LISTED ENTRIES: Begin
(* Suppose users' budget and utility parameters are drawn i.i.d. from a distribution $\mathcal{D}$. Then there exists a market instance for which the expected constraint violation of the static expected equilibrium pricing algorithm (which posts the price vector $\mathbf{p}^*$ to every user, where $\mathbf{p}^*$ is computed with complete knowledge of $\mathcal{D}$) is $\Omega(\sqrt{n})$.
   Context: Online Fisher market: $m$ divisible goods, good $j$ with capacity $c_j=nd_j$, $d_j>0$; $n$ users arrive sequentially, user $t$ having budget $w_t>0$ and utility vector $\mathbf{u}_t\ge\mathbf{0}$, with $(w_t,\mathbf{u}_t)$ i.i.d. from $\mathcal{D}$ with bounded support. Given price vector $\mathbf{p}^t$, user $t$ consumes an optimal solution $\mathbf{x}_t$ of $\max \mathbf{u}_t^\top\mathbf{x}$ s.t. $(\mathbf{p}^t)^\top\mathbf{x}\le w_t$, $\mathbf{x}\ge\mathbf{0}$. The expected equilibrium price $\mathbf{p}^*$ is an optimal solution of $\min_{\mathbf{p}}\ \sum_{j=1}^m p_jd_j+\mathbb{E}_{(w,\mathbf{u})\sim\mathcal{D}}[w\log w-w\log(\min_{j\in[m]}p_j/u_j)-w]$ (equivalently, the equilibrium prices computed from the expected number of arrivals of each user type). The expected constraint violation is $V_n=\mathbb{E}[\|(\sum_{t=1}^n\mathbf{x}_t-\mathbf{c})_+\|_2]$. Asymptotics are as $n\to\infty$ with the instance fixed. *)

theory Defs
  imports "HOL-Probability.Probability" "HOL-Library.Landau_Symbols"
begin

(* A user type: (budget w, utility vector u); goods are indexed by j < m. *)
type_synonym utype = "real \<times> (nat \<Rightarrow> real)"

(* Market instance: m goods, capacity per user d_j > 0, distribution D of user types,
   with bounded (here: finite) support, w > 0, u >= 0 and u not identically zero. *)
definition valid_instance :: "nat \<Rightarrow> (nat \<Rightarrow> real) \<Rightarrow> utype pmf \<Rightarrow> bool" where
  "valid_instance m d D \<longleftrightarrow>
     m \<ge> 1 \<and> (\<forall>j<m. d j > 0) \<and> finite (set_pmf D) \<and>
     (\<forall>(w,u)\<in>set_pmf D. w > 0 \<and> (\<forall>j<m. u j \<ge> 0) \<and> (\<exists>j<m. u j > 0))"

(* min_j p_j / u_j, where goods with u_j = 0 contribute +infinity *)
definition min_ratio :: "nat \<Rightarrow> (nat \<Rightarrow> real) \<Rightarrow> (nat \<Rightarrow> real) \<Rightarrow> real" where
  "min_ratio m p u = Min {p j / u j | j. j < m \<and> u j > 0}"

(* prices at which the objective is finite *)
definition price_domain :: "nat \<Rightarrow> utype pmf \<Rightarrow> (nat \<Rightarrow> real) \<Rightarrow> bool" where
  "price_domain m D p \<longleftrightarrow>
     (\<forall>j<m. p j \<ge> 0) \<and> (\<forall>(w,u)\<in>set_pmf D. min_ratio m p u > 0)"

definition eq_objective :: "nat \<Rightarrow> (nat \<Rightarrow> real) \<Rightarrow> utype pmf \<Rightarrow> (nat \<Rightarrow> real) \<Rightarrow> real" where
  "eq_objective m d D p =
     (\<Sum>j<m. p j * d j) +
     measure_pmf.expectation D (\<lambda>(w,u). w * ln w - w * ln (min_ratio m p u) - w)"

definition is_eq_price :: "nat \<Rightarrow> (nat \<Rightarrow> real) \<Rightarrow> utype pmf \<Rightarrow> (nat \<Rightarrow> real) \<Rightarrow> bool" where
  "is_eq_price m d D p \<longleftrightarrow> price_domain m D p \<and>
     (\<forall>q. price_domain m D q \<longrightarrow> eq_objective m d D p \<le> eq_objective m d D q)"

definition optimal_bundle :: "nat \<Rightarrow> (nat \<Rightarrow> real) \<Rightarrow> real \<Rightarrow> (nat \<Rightarrow> real) \<Rightarrow> (nat \<Rightarrow> real) \<Rightarrow> bool" where
  "optimal_bundle m p w u x \<longleftrightarrow>
     (\<forall>j<m. x j \<ge> 0) \<and> (\<Sum>j<m. p j * x j) \<le> w \<and>
     (\<forall>y. (\<forall>j<m. y j \<ge> 0) \<and> (\<Sum>j<m. p j * y j) \<le> w \<longrightarrow>
          (\<Sum>j<m. u j * y j) \<le> (\<Sum>j<m. u j * x j))"

(* Expected constraint violation V_n. X n t \<omega> is the bundle consumed by user t (t < n)
   when the sample of user types is \<omega> (i.i.d. from D over {..<n}). *)
definition violation ::
  "nat \<Rightarrow> (nat \<Rightarrow> real) \<Rightarrow> utype pmf \<Rightarrow> (nat \<Rightarrow> nat \<Rightarrow> (nat \<Rightarrow> utype) \<Rightarrow> nat \<Rightarrow> real) \<Rightarrow> nat \<Rightarrow> real" where
  "violation m d D X n =
     measure_pmf.expectation (Pi_pmf {..<n} undefined (\<lambda>_. D))
       (\<lambda>\<omega>. sqrt (\<Sum>j<m. (max 0 ((\<Sum>t<n. X n t \<omega> j) - real n * d j))\<^sup>2))"

end

theory Submission
  imports Defs
begin

(* Take one good whose per-user capacity 2 is the mean budget, budgets 1 or 3 with equal
   probability, and all users valuing the good alike. The expected equilibrium price is 1, so
   every user spends her whole budget on the good and the excess demand after n users is a
   simple symmetric random walk S_n. The violation is E (S_n)^+, and the pointwise bound
   max 0 x >= x/2 + x^2/(2t) - x^4/(8t^3) at t = sqrt n, together with E S_n = 0,
   E S_n^2 = n and E S_n^4 = 3n^2 - 2n, gives E (S_n)^+ >= sqrt n / 8. *)

lemma max_zero_ge_quartic:
  fixes x t :: real
  assumes t: "t > 0"
  shows "x / 2 + x^2 / (2 * t) - x^4 / (8 * t^3) \<le> max 0 x"
proof -
  define a where "a = \<bar>x\<bar>"
  have a: "a \<ge> 0" unfolding a_def by simp
  have "a^4 - 4*t^2*a^2 + 4*t^3*a = a * (a * (a - 2*t)^2 + 4*t*(a - t)^2)"
    by (simp add: power_def numeral_eq_Suc algebra_simps)
  also have "\<dots> \<ge> 0" using a t by (intro mult_nonneg_nonneg add_nonneg_nonneg) auto
  finally have "a^2 / t - a^4 / (4 * t^3) \<le> a" using t
    by (simp add: field_simps power_def numeral_eq_Suc)
  moreover have "a^2 = x^2" "a^4 = x^4" unfolding a_def by (simp_all add: power_even_abs)
  moreover have "max 0 x = (a + x) / 2" unfolding a_def by (simp add: max_def abs_if)
  ultimately show ?thesis by (simp add: field_simps)
qed

lemma integral_pos_part_ge_of_moments:
  fixes X :: "'a \<Rightarrow> real"
  assumes int: "integrable M X" "integrable M (\<lambda>x. X x ^ 2)" "integrable M (\<lambda>x. X x ^ 4)"
    and mean: "integral\<^sup>L M X = 0"
    and second: "integral\<^sup>L M (\<lambda>x. X x ^ 2) = s ^ 2"
    and fourth: "integral\<^sup>L M (\<lambda>x. X x ^ 4) \<le> 3 * s ^ 4"
    and s: "s > 0"
  shows "s / 8 \<le> integral\<^sup>L M (\<lambda>x. max 0 (X x))"
proof -
  have "s / 8 = s ^ 2 / (2 * s) - 3 * s ^ 4 / (8 * s ^ 3)"
    using s by (simp add: field_simps power_def numeral_eq_Suc)
  also have "\<dots> \<le> integral\<^sup>L M X / 2 + integral\<^sup>L M (\<lambda>x. X x ^ 2) / (2 * s)
      - integral\<^sup>L M (\<lambda>x. X x ^ 4) / (8 * s ^ 3)"
    using mean second fourth s by (simp add: divide_right_mono)
  also have "\<dots> = integral\<^sup>L M (\<lambda>x. X x / 2 + X x ^ 2 / (2 * s) - X x ^ 4 / (8 * s ^ 3))"
    using int by simp
  also have "\<dots> \<le> integral\<^sup>L M (\<lambda>x. max 0 (X x))"
    using int s by (intro integral_mono max_zero_ge_quartic) auto
  finally show ?thesis .
qed

lemma finite_set_Pi_pmf:
  assumes "finite A" "\<And>x. x \<in> A \<Longrightarrow> finite (set_pmf (p x))"
  shows "finite (set_pmf (Pi_pmf A dflt p))"
  using assms by (subst set_Pi_pmf) (auto intro!: finite_PiE_dflt)

lemma expectation_Pi_pmf_insert:
  fixes g :: "('a \<Rightarrow> 'b) \<Rightarrow> real"
  assumes A: "finite A" "x \<notin> A" and fin: "\<And>y. y \<in> insert x A \<Longrightarrow> finite (set_pmf (p y))"
  shows "measure_pmf.expectation (Pi_pmf (insert x A) dflt p) g =
    measure_pmf.expectation (p x) (\<lambda>a. measure_pmf.expectation (Pi_pmf A dflt p) (\<lambda>f. g (f(x := a))))"
proof -
  let ?P = "Pi_pmf A dflt p"
  have "Pi_pmf (insert x A) dflt p = bind_pmf (p x) (\<lambda>a. map_pmf (\<lambda>f. f(x := a)) ?P)"
    using A by (subst Pi_pmf_insert') (auto simp: map_pmf_def)
  then have "measure_pmf.expectation (Pi_pmf (insert x A) dflt p) g =
      (\<Sum>a\<in>set_pmf (p x). pmf (p x) a *\<^sub>R measure_pmf.expectation (map_pmf (\<lambda>f. f(x := a)) ?P) g)"
    using A fin by (simp only:) (rule pmf_expectation_bind; simp add: finite_set_Pi_pmf)
  also have "\<dots> = measure_pmf.expectation (p x) (\<lambda>a. measure_pmf.expectation ?P (\<lambda>f. g (f(x := a))))"
    using fin by (subst integral_measure_pmf[of "set_pmf (p x)"]) auto
  finally show ?thesis .
qed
LISTED ENTRIES: End
- TASK REQUIREMENTS: Within the listing, how many lines hold the string "imports"? Answer with the number alone.

- WRITTEN SOLUTION: 2